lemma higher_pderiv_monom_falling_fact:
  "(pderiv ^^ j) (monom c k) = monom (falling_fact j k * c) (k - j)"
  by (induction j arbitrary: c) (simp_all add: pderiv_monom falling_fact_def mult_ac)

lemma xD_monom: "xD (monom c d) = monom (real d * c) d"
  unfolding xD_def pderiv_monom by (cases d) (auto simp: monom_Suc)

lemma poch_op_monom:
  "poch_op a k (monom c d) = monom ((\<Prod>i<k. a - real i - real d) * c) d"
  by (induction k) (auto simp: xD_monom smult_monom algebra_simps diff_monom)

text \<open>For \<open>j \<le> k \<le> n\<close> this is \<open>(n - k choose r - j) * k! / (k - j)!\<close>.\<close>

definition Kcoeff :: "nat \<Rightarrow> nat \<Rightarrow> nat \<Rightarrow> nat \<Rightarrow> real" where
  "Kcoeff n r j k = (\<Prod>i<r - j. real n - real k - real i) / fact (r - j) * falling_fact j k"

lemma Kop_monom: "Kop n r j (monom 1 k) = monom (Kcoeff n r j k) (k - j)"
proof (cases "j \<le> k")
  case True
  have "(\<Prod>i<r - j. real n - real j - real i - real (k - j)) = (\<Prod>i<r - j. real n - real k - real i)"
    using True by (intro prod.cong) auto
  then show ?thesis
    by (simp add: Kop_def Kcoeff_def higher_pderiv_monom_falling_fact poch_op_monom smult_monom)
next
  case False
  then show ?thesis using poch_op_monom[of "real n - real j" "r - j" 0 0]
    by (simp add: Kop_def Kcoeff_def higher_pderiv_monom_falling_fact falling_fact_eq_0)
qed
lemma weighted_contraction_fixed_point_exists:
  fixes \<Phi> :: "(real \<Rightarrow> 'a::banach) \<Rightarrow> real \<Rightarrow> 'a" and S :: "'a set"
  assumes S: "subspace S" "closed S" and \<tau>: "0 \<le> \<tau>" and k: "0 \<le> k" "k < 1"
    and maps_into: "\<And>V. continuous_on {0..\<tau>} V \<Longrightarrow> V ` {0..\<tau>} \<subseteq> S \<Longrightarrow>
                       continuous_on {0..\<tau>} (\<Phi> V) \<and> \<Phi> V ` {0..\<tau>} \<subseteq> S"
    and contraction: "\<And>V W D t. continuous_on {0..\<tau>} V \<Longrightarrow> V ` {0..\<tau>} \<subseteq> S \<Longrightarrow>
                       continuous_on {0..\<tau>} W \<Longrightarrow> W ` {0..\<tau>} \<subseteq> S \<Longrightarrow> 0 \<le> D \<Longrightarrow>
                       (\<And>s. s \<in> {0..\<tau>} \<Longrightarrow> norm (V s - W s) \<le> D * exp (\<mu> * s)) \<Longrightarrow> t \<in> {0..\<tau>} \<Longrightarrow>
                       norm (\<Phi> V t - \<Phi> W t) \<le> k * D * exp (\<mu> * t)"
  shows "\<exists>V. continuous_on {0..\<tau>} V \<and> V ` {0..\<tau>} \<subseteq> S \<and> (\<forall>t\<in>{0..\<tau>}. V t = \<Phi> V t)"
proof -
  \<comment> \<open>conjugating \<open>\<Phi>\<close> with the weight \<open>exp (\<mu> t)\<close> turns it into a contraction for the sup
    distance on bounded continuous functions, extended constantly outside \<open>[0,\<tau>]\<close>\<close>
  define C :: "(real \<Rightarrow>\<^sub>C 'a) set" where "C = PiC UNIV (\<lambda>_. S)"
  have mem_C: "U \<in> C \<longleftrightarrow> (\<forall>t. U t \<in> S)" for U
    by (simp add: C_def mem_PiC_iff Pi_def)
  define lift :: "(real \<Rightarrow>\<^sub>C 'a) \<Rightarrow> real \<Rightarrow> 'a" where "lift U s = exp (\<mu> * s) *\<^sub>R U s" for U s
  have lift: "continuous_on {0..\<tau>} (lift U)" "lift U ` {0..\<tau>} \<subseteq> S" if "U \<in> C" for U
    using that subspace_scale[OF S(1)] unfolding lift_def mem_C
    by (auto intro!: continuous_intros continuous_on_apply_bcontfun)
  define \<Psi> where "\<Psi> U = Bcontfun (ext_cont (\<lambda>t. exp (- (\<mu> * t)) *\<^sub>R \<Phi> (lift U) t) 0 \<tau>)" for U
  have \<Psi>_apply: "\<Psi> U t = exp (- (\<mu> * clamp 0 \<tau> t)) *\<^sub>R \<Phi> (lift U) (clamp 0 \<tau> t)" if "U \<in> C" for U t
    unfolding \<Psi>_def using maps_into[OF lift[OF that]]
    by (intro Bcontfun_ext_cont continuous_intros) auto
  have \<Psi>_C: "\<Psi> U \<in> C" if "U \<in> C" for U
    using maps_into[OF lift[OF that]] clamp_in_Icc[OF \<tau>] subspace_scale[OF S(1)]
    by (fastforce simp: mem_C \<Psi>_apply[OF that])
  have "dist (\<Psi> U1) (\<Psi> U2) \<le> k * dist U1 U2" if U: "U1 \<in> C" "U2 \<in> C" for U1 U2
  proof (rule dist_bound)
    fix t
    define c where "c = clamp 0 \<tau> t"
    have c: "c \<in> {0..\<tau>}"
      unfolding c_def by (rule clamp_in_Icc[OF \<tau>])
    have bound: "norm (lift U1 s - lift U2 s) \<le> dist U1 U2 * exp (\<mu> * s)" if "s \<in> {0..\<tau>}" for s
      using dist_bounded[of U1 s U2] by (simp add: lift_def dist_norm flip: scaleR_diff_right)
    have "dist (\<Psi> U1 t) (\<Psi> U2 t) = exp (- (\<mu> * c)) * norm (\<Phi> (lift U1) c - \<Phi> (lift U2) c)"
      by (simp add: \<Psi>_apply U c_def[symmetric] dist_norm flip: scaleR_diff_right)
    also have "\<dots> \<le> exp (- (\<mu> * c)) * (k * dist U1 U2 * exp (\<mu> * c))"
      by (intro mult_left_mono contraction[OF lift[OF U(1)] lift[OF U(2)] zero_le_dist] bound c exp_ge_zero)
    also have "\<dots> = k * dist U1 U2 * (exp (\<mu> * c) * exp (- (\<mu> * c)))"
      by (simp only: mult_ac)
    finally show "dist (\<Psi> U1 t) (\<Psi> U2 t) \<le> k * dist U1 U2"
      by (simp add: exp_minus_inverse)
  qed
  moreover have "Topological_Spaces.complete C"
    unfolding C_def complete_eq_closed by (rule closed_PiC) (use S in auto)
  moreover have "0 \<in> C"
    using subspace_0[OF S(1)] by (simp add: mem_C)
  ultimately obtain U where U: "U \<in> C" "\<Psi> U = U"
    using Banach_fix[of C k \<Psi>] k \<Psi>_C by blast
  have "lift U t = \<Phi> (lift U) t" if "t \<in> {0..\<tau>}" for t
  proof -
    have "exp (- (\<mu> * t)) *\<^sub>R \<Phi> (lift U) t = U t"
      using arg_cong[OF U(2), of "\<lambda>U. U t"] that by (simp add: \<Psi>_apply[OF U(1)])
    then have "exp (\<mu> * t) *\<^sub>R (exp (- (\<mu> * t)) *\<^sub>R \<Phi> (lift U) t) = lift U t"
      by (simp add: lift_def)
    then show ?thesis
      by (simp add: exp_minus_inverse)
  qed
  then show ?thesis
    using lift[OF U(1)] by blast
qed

--

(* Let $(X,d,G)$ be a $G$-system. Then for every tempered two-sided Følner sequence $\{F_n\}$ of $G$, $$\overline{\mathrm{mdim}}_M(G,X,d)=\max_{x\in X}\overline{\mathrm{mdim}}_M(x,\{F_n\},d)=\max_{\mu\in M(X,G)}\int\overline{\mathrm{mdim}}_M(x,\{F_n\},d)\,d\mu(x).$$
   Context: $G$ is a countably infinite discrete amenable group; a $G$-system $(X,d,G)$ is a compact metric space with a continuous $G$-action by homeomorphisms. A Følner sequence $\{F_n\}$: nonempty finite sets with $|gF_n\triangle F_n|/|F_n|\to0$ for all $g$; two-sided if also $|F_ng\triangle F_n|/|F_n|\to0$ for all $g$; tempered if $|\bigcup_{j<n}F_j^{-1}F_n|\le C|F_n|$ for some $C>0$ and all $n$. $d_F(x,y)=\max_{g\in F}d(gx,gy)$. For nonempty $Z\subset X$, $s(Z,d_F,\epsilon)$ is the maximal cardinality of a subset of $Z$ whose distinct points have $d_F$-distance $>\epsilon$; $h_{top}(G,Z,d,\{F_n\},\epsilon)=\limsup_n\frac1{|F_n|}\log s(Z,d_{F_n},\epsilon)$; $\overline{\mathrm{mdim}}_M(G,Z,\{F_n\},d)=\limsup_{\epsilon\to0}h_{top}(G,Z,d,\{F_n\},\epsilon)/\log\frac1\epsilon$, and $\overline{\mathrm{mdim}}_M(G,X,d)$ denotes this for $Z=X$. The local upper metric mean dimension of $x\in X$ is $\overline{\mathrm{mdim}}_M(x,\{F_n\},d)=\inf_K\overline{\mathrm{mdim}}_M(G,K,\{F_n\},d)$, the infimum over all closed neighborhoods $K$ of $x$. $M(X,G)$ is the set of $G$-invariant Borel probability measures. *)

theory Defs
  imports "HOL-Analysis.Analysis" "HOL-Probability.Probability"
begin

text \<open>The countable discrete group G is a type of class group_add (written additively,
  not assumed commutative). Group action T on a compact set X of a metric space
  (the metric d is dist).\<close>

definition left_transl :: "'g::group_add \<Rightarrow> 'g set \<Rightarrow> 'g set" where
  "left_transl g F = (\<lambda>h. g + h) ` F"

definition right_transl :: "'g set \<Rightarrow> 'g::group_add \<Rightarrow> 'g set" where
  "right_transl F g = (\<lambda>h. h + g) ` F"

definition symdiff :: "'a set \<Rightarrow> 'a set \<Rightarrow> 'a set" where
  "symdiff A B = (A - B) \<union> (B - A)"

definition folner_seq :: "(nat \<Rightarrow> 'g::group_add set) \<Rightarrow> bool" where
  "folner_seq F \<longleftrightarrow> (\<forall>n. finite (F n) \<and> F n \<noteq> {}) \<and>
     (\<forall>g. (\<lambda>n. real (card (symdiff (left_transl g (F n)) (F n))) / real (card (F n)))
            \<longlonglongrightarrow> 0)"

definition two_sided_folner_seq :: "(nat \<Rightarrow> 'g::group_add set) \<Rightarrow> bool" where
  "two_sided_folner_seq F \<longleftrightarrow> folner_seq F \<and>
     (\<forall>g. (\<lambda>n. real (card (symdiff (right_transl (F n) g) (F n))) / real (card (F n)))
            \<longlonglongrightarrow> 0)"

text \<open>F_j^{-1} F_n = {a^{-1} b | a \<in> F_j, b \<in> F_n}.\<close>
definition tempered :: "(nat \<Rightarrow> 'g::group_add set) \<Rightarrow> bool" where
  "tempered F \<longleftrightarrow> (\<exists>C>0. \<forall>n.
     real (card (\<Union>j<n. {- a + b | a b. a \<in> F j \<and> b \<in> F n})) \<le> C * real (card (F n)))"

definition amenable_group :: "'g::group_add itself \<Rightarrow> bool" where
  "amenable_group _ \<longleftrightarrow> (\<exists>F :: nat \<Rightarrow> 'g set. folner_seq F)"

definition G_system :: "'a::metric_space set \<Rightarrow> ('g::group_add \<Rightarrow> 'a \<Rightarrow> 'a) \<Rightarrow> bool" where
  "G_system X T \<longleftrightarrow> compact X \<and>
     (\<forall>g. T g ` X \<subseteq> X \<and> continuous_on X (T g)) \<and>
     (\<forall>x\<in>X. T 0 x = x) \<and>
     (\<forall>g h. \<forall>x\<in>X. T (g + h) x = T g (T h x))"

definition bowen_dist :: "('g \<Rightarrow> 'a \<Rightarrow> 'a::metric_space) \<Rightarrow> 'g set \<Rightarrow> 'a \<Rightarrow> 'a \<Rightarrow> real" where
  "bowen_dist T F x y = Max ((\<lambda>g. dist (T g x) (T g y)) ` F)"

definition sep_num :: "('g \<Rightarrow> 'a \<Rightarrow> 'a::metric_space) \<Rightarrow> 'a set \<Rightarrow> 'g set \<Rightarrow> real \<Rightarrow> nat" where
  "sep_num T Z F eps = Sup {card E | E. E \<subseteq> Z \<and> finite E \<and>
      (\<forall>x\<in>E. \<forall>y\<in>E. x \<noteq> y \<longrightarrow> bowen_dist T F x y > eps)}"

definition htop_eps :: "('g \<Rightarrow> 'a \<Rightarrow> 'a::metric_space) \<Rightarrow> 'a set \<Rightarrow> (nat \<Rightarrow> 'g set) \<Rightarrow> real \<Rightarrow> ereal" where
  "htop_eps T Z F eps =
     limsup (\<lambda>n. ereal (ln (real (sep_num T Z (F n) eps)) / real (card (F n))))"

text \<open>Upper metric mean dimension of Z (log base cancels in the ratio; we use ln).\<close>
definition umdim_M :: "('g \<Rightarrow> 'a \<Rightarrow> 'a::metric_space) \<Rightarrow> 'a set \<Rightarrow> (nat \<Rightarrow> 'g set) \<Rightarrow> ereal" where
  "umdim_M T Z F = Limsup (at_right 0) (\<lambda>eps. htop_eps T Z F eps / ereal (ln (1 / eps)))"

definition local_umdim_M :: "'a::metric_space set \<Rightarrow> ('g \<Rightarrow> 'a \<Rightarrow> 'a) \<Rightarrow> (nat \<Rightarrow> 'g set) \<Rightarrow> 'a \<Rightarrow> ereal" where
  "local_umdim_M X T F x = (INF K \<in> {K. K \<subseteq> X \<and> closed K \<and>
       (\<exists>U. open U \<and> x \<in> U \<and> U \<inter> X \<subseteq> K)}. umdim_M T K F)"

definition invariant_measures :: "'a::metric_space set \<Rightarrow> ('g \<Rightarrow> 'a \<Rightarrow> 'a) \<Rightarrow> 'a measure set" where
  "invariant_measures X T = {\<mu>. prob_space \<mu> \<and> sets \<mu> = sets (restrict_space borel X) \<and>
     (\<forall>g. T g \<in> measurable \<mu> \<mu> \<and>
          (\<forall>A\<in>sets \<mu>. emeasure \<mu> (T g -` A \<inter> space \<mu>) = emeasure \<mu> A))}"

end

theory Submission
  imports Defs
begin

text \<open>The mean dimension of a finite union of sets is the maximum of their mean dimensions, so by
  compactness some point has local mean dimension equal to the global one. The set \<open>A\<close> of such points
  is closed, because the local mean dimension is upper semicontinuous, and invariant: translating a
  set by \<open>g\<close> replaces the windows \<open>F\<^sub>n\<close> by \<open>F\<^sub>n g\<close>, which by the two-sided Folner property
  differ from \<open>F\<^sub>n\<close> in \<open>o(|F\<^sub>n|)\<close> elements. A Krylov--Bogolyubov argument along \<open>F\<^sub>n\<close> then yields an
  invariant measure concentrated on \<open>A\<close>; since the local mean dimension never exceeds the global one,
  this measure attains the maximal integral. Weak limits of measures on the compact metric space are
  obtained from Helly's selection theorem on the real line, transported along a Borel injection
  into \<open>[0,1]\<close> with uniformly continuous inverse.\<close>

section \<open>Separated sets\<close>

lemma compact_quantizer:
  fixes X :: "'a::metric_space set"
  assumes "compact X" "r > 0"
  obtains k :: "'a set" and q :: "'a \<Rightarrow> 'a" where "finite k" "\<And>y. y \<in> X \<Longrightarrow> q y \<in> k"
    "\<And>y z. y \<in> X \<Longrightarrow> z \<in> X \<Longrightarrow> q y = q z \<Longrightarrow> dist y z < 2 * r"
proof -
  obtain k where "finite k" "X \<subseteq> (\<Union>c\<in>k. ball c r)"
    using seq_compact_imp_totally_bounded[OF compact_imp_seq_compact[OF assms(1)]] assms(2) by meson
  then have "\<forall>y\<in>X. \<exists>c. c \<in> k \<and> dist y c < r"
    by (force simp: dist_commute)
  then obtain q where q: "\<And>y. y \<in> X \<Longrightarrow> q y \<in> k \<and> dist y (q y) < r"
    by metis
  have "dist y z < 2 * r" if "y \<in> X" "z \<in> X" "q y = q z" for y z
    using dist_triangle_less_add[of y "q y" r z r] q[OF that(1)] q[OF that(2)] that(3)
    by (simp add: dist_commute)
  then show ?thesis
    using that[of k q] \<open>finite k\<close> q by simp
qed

▶ **EXERCISE AIM**:
Return each line from the material that includes the string "inter".

▶ **ANSWER TO THE PROBLEM**:
       (\<exists>U. open U \<and> x \<in> U \<and> U \<inter> X \<subseteq> K)}. umdim_M T K F)"
          (\<forall>A\<in>sets \<mu>. emeasure \<mu> (T g -` A \<inter> space \<mu>) = emeasure \<mu> A))}"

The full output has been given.